# Exercise prompt
Could you print every line from the first one of the records below through the line containing "E \<longleftrightarrow> Tpow", with both included and nothing else?

===============

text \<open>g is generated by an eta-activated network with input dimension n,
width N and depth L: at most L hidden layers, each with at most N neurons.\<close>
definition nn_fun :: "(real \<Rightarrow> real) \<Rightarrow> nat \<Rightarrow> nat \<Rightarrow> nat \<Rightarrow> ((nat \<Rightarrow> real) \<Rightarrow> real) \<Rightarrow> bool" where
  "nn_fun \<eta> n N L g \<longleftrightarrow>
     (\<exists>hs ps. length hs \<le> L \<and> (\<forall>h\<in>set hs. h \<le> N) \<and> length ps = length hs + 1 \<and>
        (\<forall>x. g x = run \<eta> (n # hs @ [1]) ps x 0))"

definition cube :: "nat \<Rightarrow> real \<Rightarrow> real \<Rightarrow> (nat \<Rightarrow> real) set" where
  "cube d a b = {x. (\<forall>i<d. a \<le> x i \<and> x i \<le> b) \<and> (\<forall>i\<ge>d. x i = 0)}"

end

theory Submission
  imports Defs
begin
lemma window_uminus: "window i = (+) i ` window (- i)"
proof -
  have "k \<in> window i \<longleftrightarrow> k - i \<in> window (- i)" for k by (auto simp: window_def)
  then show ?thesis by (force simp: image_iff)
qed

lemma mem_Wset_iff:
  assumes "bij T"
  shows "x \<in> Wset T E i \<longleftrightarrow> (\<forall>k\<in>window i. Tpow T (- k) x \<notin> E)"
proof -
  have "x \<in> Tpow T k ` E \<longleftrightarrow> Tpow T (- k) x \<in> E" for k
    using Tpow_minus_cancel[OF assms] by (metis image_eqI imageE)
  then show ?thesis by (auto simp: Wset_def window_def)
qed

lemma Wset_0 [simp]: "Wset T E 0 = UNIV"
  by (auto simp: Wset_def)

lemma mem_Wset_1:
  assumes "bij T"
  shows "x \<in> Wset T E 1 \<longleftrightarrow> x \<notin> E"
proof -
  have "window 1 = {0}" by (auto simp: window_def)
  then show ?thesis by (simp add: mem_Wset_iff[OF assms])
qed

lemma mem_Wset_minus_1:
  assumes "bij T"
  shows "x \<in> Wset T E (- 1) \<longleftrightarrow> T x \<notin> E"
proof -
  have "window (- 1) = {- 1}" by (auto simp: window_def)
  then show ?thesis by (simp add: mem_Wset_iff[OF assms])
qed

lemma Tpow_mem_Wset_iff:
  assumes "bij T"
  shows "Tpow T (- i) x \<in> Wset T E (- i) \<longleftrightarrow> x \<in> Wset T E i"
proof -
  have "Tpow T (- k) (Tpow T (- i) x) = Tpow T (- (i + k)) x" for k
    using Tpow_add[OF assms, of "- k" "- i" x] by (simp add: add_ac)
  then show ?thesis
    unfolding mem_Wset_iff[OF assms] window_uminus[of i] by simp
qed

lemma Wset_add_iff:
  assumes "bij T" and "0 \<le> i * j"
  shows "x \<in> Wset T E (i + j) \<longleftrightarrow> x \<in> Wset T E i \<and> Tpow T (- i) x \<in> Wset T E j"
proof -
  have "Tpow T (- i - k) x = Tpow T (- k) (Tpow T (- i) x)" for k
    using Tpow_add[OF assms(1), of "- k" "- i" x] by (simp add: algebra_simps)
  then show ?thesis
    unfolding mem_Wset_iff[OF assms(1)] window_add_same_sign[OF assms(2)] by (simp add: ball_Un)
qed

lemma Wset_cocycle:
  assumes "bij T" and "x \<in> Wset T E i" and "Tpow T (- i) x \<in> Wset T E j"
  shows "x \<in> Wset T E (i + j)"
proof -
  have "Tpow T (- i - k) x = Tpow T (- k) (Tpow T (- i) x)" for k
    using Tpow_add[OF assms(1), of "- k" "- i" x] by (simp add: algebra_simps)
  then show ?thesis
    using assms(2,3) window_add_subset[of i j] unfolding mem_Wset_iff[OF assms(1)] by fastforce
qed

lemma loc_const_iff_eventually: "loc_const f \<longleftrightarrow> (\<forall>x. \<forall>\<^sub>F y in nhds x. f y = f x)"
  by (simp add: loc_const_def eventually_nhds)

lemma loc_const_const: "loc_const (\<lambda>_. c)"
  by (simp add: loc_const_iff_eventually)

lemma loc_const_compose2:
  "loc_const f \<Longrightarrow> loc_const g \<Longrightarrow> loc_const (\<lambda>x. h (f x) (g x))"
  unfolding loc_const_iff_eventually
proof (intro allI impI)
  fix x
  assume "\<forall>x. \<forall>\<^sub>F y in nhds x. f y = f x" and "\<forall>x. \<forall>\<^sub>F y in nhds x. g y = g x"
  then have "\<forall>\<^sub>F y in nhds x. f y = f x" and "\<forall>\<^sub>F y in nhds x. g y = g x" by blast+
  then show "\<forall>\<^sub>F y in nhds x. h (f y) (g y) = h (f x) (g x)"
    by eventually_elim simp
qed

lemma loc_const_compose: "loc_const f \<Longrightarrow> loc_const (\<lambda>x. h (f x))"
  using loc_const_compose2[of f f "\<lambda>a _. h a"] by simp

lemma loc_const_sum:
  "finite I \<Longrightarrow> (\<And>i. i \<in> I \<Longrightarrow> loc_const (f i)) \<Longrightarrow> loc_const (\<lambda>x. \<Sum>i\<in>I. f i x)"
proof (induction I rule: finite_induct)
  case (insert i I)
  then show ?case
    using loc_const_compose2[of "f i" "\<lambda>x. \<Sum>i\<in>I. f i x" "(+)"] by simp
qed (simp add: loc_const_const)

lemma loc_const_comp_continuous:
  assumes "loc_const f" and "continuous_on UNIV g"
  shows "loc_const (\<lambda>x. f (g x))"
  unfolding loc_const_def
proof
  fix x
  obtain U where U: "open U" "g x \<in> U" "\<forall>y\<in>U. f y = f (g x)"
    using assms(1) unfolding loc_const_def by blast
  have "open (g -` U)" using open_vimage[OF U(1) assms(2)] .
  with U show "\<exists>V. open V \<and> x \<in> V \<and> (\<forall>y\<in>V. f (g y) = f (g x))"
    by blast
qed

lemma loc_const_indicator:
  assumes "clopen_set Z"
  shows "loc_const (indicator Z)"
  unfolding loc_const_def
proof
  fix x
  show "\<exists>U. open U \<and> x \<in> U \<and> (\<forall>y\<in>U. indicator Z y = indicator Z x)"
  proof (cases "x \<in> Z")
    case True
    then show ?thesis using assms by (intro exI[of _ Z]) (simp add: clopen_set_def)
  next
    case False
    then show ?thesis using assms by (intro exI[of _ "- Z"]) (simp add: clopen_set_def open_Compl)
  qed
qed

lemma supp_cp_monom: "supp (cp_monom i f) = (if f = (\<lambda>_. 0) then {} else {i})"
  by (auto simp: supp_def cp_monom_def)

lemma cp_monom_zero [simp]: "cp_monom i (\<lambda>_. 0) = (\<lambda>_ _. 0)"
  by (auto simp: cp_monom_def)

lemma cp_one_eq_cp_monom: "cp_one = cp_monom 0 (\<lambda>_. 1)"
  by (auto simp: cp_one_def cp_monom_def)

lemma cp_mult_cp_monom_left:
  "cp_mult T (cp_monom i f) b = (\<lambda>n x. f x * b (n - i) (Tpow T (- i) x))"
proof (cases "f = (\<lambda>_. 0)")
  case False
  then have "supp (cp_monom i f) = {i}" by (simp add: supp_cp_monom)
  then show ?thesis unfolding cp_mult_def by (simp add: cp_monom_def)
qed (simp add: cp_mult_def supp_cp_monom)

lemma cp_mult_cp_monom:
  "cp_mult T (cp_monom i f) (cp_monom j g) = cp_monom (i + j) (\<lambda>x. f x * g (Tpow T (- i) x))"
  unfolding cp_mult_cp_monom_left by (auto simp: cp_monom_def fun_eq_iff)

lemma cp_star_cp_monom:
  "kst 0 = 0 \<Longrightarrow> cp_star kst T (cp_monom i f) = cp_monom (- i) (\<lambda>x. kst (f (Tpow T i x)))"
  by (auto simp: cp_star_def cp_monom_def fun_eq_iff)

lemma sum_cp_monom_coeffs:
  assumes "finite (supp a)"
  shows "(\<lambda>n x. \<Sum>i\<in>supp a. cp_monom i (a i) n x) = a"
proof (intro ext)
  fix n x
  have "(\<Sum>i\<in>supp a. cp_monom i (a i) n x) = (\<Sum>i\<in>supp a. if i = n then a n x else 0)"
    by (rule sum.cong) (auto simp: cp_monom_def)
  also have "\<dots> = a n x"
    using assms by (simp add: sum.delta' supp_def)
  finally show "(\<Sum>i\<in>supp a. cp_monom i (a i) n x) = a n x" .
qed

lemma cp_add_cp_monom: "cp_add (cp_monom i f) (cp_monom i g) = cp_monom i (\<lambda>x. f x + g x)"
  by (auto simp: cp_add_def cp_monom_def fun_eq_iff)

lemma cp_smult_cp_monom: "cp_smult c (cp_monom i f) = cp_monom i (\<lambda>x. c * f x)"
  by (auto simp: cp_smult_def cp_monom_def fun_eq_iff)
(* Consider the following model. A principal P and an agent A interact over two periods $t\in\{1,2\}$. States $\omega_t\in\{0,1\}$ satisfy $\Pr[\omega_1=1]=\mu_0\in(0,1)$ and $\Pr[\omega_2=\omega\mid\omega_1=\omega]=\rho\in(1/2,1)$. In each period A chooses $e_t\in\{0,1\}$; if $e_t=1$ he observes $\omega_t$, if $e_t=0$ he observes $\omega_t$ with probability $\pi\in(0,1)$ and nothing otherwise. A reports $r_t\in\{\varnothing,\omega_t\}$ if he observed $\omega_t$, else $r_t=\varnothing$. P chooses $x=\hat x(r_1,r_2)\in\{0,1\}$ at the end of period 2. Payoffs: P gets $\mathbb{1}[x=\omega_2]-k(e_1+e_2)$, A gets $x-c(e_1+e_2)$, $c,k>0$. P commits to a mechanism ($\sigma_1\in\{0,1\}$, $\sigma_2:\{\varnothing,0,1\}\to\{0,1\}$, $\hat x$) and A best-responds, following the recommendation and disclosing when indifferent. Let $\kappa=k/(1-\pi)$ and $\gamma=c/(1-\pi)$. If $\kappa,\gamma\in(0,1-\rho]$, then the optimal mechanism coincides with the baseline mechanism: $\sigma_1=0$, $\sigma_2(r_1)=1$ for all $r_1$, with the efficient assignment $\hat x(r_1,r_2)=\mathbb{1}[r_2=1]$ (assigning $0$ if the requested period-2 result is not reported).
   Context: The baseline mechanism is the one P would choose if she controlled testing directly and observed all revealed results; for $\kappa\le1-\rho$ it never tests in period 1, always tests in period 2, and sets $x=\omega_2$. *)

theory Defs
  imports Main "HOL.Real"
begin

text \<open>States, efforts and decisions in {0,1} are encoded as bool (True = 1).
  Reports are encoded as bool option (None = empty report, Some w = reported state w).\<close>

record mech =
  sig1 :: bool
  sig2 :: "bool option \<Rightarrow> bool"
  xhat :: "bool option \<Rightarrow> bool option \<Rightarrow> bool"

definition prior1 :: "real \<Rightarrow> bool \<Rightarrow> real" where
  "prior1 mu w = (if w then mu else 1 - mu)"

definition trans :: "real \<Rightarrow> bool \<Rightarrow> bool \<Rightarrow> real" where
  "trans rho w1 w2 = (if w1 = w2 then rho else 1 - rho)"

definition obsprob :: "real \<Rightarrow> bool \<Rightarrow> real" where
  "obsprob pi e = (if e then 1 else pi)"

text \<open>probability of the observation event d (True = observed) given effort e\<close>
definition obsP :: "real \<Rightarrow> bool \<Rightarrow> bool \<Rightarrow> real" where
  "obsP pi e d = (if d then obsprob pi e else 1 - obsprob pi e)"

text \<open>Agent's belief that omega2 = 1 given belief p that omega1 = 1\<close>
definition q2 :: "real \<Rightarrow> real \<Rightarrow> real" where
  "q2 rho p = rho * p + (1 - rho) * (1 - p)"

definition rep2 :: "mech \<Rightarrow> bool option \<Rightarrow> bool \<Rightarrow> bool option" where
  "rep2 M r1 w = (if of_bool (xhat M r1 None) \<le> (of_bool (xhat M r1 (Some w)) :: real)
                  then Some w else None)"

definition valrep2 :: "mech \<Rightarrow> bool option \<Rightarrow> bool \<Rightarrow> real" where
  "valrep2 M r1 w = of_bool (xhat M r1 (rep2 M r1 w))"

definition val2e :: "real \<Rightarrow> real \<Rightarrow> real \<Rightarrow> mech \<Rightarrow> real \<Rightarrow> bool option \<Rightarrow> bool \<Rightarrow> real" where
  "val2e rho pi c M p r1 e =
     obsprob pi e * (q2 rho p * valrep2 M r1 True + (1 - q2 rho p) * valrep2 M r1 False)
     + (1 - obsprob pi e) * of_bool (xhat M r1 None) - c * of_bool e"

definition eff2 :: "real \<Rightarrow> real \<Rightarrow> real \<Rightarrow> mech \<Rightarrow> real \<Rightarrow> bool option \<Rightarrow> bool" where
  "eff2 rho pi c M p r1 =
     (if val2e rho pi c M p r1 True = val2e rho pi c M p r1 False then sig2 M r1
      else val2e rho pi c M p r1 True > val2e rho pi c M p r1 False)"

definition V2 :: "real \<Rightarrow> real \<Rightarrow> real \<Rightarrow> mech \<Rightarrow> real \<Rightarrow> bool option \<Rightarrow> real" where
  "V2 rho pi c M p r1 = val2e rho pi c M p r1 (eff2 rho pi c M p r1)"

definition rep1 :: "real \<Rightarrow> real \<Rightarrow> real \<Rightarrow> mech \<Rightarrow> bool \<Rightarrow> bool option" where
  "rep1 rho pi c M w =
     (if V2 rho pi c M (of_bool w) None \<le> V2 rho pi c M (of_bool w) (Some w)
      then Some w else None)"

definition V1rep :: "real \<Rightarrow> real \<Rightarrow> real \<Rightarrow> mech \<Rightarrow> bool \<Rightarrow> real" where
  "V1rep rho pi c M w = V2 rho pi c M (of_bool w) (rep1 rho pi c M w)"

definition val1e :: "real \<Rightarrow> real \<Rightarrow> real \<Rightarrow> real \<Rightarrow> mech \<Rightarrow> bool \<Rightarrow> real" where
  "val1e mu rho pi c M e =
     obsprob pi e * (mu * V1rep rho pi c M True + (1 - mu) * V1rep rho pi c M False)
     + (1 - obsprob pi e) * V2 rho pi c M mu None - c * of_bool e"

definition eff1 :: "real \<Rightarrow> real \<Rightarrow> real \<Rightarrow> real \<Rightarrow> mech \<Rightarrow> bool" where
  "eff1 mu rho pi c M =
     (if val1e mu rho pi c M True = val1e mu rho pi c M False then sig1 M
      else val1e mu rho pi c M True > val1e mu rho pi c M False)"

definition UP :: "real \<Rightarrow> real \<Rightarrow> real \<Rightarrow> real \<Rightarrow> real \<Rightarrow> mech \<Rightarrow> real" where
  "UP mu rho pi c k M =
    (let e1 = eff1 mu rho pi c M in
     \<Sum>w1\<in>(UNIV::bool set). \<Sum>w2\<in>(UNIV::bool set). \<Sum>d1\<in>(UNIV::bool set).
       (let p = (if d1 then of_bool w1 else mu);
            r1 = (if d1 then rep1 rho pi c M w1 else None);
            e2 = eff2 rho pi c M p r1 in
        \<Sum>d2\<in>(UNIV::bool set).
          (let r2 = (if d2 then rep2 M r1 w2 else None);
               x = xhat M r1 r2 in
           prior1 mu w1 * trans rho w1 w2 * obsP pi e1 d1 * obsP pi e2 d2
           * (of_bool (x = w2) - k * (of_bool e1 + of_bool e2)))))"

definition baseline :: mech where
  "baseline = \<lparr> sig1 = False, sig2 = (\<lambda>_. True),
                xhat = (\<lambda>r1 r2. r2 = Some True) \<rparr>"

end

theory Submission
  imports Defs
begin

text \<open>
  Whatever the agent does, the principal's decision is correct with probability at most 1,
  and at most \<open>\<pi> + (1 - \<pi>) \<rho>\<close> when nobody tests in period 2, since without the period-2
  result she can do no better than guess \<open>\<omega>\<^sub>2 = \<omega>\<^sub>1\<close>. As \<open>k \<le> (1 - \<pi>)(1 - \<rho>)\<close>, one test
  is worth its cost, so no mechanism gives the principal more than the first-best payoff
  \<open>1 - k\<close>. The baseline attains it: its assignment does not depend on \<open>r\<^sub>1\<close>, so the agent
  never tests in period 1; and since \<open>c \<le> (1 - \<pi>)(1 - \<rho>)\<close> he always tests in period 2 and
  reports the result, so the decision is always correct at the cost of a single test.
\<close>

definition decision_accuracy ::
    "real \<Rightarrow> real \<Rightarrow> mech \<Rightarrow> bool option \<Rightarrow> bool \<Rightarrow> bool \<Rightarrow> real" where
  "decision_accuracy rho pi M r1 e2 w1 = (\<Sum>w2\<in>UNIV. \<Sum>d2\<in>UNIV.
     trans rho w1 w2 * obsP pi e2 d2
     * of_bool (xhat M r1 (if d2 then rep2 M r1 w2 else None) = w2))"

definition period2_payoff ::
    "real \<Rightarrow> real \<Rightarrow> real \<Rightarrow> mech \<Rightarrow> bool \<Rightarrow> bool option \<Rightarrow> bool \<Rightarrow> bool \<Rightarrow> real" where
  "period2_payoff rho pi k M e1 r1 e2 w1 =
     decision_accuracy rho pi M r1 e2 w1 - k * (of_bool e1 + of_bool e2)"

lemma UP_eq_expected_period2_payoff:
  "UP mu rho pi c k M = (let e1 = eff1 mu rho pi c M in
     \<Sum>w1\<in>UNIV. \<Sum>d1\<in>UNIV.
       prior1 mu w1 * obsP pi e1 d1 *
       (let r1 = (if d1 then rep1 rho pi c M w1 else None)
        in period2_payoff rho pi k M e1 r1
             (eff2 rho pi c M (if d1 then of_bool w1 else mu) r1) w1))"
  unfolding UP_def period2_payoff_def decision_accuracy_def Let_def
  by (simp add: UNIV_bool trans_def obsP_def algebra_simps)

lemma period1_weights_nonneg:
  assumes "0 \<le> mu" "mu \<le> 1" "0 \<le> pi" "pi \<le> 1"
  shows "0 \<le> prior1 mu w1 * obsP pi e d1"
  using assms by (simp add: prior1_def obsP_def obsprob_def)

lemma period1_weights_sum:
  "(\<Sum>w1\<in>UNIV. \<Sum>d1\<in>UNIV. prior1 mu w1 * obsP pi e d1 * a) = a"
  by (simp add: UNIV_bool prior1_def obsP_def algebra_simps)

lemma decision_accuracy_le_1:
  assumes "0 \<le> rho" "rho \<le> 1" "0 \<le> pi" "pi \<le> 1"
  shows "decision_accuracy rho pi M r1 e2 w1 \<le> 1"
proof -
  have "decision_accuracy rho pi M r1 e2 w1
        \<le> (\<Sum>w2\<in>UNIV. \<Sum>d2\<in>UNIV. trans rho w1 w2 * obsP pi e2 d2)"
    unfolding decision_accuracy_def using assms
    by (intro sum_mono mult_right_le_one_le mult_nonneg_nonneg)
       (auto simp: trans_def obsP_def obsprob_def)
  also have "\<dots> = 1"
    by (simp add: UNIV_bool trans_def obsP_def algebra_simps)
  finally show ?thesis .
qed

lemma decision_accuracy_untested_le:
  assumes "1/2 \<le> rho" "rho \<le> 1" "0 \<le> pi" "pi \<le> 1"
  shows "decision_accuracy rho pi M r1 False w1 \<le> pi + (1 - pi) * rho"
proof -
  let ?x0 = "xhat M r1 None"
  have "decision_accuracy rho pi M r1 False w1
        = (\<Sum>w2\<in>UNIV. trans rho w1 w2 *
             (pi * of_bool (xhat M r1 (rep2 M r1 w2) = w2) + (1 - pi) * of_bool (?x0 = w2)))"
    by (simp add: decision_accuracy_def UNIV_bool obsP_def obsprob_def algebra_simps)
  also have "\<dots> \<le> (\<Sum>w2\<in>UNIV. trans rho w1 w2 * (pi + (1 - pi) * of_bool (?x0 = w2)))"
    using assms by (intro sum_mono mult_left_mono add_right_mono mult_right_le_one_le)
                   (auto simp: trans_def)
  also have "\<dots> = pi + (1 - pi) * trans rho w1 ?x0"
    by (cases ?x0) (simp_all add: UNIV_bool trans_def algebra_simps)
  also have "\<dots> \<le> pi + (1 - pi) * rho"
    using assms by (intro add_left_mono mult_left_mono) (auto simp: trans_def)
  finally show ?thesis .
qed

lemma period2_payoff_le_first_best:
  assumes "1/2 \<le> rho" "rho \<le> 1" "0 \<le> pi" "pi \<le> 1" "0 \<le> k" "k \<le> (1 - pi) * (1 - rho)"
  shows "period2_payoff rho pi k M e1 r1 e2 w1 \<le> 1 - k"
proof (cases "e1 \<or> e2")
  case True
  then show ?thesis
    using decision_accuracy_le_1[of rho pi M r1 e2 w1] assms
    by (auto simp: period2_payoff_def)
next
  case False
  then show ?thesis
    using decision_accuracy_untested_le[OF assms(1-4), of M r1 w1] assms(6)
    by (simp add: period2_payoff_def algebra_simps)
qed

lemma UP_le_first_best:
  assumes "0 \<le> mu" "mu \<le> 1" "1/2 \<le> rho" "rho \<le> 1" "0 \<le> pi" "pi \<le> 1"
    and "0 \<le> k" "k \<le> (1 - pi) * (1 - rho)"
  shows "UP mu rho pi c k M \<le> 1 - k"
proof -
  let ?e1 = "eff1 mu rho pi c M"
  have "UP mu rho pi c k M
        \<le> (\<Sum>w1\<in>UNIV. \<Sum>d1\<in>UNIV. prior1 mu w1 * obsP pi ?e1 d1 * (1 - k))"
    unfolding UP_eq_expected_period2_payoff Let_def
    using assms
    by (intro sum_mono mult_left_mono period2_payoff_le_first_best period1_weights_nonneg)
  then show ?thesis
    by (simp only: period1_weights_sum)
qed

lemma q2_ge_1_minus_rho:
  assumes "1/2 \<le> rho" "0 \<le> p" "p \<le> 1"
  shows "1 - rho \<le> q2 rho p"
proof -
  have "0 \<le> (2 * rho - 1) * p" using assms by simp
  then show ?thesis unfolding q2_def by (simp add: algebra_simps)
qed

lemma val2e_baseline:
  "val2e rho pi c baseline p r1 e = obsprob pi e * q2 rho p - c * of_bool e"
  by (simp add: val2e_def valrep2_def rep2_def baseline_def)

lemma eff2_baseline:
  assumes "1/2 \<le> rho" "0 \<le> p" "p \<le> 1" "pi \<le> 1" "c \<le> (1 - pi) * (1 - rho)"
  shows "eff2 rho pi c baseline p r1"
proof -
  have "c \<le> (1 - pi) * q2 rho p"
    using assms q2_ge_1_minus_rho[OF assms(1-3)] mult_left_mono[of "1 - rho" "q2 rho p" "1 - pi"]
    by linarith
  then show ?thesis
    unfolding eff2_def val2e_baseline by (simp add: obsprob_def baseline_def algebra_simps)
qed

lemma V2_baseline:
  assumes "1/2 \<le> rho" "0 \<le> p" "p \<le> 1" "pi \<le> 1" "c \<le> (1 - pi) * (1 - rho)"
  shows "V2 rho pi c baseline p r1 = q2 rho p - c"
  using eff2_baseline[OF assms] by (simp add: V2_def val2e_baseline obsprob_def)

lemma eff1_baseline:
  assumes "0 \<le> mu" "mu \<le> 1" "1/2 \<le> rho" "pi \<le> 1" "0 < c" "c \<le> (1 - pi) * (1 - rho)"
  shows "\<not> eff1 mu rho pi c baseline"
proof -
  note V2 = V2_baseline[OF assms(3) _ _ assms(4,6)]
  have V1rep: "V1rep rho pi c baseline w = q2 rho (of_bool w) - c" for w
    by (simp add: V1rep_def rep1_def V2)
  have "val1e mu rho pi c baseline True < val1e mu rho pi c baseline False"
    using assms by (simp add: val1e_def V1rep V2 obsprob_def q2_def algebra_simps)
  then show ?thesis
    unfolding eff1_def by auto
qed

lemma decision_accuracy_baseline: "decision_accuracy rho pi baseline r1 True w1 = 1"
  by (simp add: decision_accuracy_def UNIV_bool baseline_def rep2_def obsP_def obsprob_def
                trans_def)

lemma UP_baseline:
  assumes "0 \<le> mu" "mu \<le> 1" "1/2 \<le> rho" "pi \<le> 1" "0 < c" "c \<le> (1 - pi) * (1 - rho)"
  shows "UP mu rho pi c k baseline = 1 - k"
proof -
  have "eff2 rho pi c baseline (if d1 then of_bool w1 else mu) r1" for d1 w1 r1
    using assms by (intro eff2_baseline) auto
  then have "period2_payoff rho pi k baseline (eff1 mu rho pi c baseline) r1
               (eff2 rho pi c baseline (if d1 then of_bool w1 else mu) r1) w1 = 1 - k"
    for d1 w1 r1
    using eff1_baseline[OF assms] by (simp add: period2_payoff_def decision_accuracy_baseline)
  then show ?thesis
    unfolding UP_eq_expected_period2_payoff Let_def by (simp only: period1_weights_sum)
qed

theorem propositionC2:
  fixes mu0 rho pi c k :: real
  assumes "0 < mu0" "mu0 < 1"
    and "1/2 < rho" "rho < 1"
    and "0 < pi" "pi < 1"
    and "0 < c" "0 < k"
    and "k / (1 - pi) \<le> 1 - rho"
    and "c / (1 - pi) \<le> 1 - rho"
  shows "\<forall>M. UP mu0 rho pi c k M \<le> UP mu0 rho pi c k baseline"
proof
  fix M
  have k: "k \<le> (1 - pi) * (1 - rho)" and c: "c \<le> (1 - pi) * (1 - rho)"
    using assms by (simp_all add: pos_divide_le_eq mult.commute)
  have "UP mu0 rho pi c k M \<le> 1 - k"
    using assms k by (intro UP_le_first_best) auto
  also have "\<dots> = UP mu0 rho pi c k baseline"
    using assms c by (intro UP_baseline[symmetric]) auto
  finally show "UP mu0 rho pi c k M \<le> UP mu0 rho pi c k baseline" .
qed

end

===============

# Solution for this exercise
text \<open>g is generated by an eta-activated network with input dimension n,
width N and depth L: at most L hidden layers, each with at most N neurons.\<close>
definition nn_fun :: "(real \<Rightarrow> real) \<Rightarrow> nat \<Rightarrow> nat \<Rightarrow> nat \<Rightarrow> ((nat \<Rightarrow> real) \<Rightarrow> real) \<Rightarrow> bool" where
  "nn_fun \<eta> n N L g \<longleftrightarrow>
     (\<exists>hs ps. length hs \<le> L \<and> (\<forall>h\<in>set hs. h \<le> N) \<and> length ps = length hs + 1 \<and>
        (\<forall>x. g x = run \<eta> (n # hs @ [1]) ps x 0))"

definition cube :: "nat \<Rightarrow> real \<Rightarrow> real \<Rightarrow> (nat \<Rightarrow> real) set" where
  "cube d a b = {x. (\<forall>i<d. a \<le> x i \<and> x i \<le> b) \<and> (\<forall>i\<ge>d. x i = 0)}"

end

theory Submission
  imports Defs
begin
lemma window_uminus: "window i = (+) i ` window (- i)"
proof -
  have "k \<in> window i \<longleftrightarrow> k - i \<in> window (- i)" for k by (auto simp: window_def)
  then show ?thesis by (force simp: image_iff)
qed

lemma mem_Wset_iff:
  assumes "bij T"
  shows "x \<in> Wset T E i \<longleftrightarrow> (\<forall>k\<in>window i. Tpow T (- k) x \<notin> E)"
proof -
  have "x \<in> Tpow T k ` E \<longleftrightarrow> Tpow T (- k) x \<in> E" for k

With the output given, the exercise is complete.